WHAT YOU SHOULD DO: Below this line is a set of entries; quote exactly the lines from the line that contains "fixes a b x :: real and K :: nat" to the line that contains "by (simp add: real_sqrt_mult[symmetric]", both lines included.

DATASET EXCERPTS:
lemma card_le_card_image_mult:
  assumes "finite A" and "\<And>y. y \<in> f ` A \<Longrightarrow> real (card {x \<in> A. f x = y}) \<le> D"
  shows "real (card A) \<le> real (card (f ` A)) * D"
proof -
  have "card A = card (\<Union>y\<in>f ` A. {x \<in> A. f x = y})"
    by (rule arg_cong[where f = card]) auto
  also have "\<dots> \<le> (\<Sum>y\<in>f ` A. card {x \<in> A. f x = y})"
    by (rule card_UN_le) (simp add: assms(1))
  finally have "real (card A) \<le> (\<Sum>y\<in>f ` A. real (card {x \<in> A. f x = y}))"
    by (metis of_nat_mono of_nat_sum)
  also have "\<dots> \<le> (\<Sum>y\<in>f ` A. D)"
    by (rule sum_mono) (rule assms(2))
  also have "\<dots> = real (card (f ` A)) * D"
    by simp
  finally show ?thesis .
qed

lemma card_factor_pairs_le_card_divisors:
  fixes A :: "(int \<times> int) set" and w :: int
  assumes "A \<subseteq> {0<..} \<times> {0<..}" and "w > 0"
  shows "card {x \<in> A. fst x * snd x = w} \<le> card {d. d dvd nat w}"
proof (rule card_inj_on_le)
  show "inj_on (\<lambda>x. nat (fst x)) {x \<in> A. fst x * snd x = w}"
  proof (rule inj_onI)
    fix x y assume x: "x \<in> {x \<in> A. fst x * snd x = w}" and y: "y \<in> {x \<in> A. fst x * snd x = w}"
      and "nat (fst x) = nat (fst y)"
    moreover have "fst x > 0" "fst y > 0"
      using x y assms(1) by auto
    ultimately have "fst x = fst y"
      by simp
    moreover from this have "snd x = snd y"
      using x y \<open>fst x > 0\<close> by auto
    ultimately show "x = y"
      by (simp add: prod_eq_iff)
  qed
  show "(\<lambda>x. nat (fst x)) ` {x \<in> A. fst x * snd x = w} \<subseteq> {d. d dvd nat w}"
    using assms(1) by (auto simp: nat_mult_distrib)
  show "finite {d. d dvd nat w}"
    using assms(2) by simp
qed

==

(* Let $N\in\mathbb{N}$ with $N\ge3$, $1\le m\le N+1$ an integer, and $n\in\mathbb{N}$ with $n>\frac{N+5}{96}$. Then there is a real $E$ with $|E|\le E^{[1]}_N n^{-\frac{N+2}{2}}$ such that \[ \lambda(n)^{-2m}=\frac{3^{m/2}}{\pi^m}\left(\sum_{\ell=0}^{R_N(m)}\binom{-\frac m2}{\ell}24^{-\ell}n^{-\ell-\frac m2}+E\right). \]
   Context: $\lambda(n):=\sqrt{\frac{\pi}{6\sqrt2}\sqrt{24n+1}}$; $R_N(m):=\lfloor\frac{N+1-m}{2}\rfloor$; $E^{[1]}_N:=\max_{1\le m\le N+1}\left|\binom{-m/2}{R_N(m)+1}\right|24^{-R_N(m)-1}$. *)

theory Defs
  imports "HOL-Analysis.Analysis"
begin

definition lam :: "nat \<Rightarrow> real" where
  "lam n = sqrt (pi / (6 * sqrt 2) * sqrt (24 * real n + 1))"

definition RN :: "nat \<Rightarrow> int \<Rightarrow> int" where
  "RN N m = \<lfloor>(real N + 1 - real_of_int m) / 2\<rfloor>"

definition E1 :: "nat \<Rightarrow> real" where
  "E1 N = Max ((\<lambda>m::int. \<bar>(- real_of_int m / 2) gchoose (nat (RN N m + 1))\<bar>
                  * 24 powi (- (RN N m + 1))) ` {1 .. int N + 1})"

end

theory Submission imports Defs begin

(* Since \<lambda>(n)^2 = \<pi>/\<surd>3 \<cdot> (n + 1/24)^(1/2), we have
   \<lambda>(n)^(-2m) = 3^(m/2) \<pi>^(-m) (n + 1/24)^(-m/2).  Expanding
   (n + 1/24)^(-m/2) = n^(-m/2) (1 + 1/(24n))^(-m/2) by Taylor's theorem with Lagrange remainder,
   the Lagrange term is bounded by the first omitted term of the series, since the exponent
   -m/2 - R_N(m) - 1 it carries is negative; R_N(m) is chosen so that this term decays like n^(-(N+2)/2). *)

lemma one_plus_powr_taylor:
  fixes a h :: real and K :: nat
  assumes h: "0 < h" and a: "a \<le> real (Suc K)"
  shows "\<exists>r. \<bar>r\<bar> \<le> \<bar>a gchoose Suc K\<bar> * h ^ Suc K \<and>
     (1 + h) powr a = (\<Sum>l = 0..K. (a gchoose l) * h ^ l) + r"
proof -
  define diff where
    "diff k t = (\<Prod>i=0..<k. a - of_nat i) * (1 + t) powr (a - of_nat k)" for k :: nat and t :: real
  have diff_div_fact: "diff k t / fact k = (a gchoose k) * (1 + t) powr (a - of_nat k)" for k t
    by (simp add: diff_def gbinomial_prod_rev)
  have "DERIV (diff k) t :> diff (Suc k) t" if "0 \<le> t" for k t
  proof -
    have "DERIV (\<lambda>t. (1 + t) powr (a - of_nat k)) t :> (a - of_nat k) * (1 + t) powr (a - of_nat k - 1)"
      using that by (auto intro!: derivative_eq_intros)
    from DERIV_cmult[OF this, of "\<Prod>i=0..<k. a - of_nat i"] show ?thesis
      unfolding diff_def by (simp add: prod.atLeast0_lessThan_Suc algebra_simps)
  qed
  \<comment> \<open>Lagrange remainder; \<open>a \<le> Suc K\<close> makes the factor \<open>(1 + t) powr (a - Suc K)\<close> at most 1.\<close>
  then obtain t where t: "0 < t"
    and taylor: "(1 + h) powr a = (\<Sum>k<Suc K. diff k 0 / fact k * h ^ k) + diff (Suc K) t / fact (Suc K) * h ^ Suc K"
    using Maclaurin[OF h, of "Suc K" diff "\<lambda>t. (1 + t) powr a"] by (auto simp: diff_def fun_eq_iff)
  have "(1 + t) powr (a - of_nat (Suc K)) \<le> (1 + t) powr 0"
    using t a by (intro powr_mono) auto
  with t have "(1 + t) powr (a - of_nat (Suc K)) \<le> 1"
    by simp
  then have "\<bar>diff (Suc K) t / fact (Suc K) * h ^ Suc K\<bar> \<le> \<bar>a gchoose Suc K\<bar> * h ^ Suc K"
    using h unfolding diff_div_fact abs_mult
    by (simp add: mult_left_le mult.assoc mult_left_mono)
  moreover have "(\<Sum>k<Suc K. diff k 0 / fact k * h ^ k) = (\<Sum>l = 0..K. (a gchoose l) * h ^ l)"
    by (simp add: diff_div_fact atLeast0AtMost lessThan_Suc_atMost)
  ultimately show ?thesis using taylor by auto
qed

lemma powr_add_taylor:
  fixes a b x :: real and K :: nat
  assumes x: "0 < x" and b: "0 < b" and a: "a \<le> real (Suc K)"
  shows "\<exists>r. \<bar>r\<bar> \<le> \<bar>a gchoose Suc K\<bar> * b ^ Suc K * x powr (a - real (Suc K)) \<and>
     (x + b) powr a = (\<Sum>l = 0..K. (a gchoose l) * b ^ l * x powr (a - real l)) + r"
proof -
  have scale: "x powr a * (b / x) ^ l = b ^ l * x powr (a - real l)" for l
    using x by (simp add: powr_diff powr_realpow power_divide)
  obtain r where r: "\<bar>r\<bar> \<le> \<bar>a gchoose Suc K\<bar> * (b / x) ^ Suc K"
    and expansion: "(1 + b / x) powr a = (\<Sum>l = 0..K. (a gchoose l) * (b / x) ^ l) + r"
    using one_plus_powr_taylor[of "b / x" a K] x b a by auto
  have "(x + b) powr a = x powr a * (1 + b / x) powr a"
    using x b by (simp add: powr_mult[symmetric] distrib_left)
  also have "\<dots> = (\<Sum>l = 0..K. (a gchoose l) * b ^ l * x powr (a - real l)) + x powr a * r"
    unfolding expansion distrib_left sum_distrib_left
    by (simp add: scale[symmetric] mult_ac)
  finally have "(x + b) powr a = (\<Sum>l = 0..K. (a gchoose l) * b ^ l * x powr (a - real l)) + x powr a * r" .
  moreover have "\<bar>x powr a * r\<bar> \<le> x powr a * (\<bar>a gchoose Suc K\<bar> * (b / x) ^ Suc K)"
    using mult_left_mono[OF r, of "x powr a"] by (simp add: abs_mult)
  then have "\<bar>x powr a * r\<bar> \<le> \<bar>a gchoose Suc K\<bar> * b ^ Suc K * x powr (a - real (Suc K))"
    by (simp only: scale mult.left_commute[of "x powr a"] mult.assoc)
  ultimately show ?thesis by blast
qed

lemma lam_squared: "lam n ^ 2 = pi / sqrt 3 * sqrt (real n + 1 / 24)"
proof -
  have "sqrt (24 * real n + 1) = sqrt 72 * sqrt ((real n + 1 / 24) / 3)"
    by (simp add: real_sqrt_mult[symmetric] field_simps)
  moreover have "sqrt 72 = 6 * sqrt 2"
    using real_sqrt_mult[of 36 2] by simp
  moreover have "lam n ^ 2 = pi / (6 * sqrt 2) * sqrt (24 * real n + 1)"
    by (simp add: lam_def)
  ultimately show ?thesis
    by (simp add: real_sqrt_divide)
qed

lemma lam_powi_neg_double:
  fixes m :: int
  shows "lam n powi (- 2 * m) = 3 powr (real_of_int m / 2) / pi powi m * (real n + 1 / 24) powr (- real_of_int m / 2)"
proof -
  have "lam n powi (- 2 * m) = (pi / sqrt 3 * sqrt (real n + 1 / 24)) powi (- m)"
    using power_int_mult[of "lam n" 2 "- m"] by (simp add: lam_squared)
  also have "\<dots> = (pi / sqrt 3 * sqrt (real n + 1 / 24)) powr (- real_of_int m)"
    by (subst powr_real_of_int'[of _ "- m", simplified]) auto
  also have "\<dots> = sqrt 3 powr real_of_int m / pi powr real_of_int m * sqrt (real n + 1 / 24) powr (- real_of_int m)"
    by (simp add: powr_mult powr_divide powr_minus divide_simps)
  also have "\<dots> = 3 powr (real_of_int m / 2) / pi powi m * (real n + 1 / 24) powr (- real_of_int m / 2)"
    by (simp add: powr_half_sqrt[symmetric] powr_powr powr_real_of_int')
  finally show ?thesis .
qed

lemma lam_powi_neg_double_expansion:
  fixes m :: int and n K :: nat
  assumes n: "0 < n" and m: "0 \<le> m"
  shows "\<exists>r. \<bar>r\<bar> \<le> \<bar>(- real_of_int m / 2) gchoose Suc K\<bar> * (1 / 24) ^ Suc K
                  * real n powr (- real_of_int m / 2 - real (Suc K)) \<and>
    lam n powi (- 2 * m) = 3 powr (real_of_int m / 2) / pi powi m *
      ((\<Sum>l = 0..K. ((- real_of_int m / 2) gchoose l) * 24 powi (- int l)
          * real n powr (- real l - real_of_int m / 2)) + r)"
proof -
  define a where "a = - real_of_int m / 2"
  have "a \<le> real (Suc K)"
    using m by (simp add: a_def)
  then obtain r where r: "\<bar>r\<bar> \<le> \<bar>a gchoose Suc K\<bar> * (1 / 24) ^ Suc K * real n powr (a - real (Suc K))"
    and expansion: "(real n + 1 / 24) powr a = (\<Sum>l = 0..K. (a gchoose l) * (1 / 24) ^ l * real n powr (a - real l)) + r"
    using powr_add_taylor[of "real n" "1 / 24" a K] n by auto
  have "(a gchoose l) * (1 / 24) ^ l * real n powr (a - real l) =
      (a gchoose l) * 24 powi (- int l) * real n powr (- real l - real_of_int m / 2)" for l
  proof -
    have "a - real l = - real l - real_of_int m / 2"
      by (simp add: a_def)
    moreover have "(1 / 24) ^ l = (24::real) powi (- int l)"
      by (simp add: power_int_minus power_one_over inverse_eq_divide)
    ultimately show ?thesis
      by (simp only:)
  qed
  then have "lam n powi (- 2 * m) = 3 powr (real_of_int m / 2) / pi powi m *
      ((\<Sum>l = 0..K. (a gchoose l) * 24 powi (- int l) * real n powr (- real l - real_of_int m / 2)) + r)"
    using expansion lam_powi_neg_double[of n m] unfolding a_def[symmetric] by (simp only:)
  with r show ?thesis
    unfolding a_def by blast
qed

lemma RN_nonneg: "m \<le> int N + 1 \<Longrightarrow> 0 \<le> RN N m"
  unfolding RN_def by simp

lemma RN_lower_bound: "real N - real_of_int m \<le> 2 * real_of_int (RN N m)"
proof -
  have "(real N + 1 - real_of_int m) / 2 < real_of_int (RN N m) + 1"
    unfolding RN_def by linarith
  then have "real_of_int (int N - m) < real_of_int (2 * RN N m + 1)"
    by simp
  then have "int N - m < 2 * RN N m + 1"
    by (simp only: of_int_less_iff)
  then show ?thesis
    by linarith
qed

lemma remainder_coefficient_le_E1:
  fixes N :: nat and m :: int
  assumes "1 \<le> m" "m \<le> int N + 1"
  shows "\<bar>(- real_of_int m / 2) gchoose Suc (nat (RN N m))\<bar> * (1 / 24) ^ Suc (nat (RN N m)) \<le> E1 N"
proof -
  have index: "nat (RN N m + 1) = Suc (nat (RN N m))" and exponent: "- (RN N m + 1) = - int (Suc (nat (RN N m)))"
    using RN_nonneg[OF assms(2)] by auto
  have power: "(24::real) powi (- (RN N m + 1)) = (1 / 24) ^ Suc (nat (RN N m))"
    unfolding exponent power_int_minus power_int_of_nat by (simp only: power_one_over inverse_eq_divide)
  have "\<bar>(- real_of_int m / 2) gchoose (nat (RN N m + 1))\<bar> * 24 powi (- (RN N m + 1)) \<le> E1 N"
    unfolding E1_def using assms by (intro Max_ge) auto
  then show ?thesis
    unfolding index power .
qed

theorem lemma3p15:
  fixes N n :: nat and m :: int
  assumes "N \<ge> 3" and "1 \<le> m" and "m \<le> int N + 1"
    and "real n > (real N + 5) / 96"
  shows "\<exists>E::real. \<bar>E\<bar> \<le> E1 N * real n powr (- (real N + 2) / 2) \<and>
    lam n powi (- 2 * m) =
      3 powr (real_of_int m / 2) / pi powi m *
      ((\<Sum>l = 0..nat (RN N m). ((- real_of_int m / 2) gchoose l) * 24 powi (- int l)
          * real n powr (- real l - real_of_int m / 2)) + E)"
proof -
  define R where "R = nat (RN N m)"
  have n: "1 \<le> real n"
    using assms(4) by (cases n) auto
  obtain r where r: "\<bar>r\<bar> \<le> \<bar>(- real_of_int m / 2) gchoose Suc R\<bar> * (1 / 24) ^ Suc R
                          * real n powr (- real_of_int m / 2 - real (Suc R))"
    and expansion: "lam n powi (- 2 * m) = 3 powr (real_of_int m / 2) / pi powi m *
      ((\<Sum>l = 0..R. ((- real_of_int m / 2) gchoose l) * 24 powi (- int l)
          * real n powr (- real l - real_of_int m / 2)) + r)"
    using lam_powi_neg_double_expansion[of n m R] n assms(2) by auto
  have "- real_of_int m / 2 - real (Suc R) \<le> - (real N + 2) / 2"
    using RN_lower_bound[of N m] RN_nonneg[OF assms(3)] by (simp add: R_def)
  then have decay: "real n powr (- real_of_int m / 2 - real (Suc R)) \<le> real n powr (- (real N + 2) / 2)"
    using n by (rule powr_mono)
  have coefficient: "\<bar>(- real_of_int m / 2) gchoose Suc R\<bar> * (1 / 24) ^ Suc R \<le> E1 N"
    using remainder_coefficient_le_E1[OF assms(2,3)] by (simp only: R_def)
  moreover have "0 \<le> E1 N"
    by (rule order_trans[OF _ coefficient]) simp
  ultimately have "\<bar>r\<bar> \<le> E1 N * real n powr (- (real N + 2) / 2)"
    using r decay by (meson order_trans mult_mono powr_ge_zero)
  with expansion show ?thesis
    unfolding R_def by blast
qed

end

RESPONSE TO THE TASK:
  fixes a b x :: real and K :: nat
  assumes x: "0 < x" and b: "0 < b" and a: "a \<le> real (Suc K)"
  shows "\<exists>r. \<bar>r\<bar> \<le> \<bar>a gchoose Suc K\<bar> * b ^ Suc K * x powr (a - real (Suc K)) \<and>
     (x + b) powr a = (\<Sum>l = 0..K. (a gchoose l) * b ^ l * x powr (a - real l)) + r"
proof -
  have scale: "x powr a * (b / x) ^ l = b ^ l * x powr (a - real l)" for l
    using x by (simp add: powr_diff powr_realpow power_divide)
  obtain r where r: "\<bar>r\<bar> \<le> \<bar>a gchoose Suc K\<bar> * (b / x) ^ Suc K"
    and expansion: "(1 + b / x) powr a = (\<Sum>l = 0..K. (a gchoose l) * (b / x) ^ l) + r"
    using one_plus_powr_taylor[of "b / x" a K] x b a by auto
  have "(x + b) powr a = x powr a * (1 + b / x) powr a"
    using x b by (simp add: powr_mult[symmetric] distrib_left)
  also have "\<dots> = (\<Sum>l = 0..K. (a gchoose l) * b ^ l * x powr (a - real l)) + x powr a * r"
    unfolding expansion distrib_left sum_distrib_left
    by (simp add: scale[symmetric] mult_ac)
  finally have "(x + b) powr a = (\<Sum>l = 0..K. (a gchoose l) * b ^ l * x powr (a - real l)) + x powr a * r" .
  moreover have "\<bar>x powr a * r\<bar> \<le> x powr a * (\<bar>a gchoose Suc K\<bar> * (b / x) ^ Suc K)"
    using mult_left_mono[OF r, of "x powr a"] by (simp add: abs_mult)
  then have "\<bar>x powr a * r\<bar> \<le> \<bar>a gchoose Suc K\<bar> * b ^ Suc K * x powr (a - real (Suc K))"
    by (simp only: scale mult.left_commute[of "x powr a"] mult.assoc)
  ultimately show ?thesis by blast
qed

lemma lam_squared: "lam n ^ 2 = pi / sqrt 3 * sqrt (real n + 1 / 24)"
proof -
  have "sqrt (24 * real n + 1) = sqrt 72 * sqrt ((real n + 1 / 24) / 3)"
    by (simp add: real_sqrt_mult[symmetric] field_simps)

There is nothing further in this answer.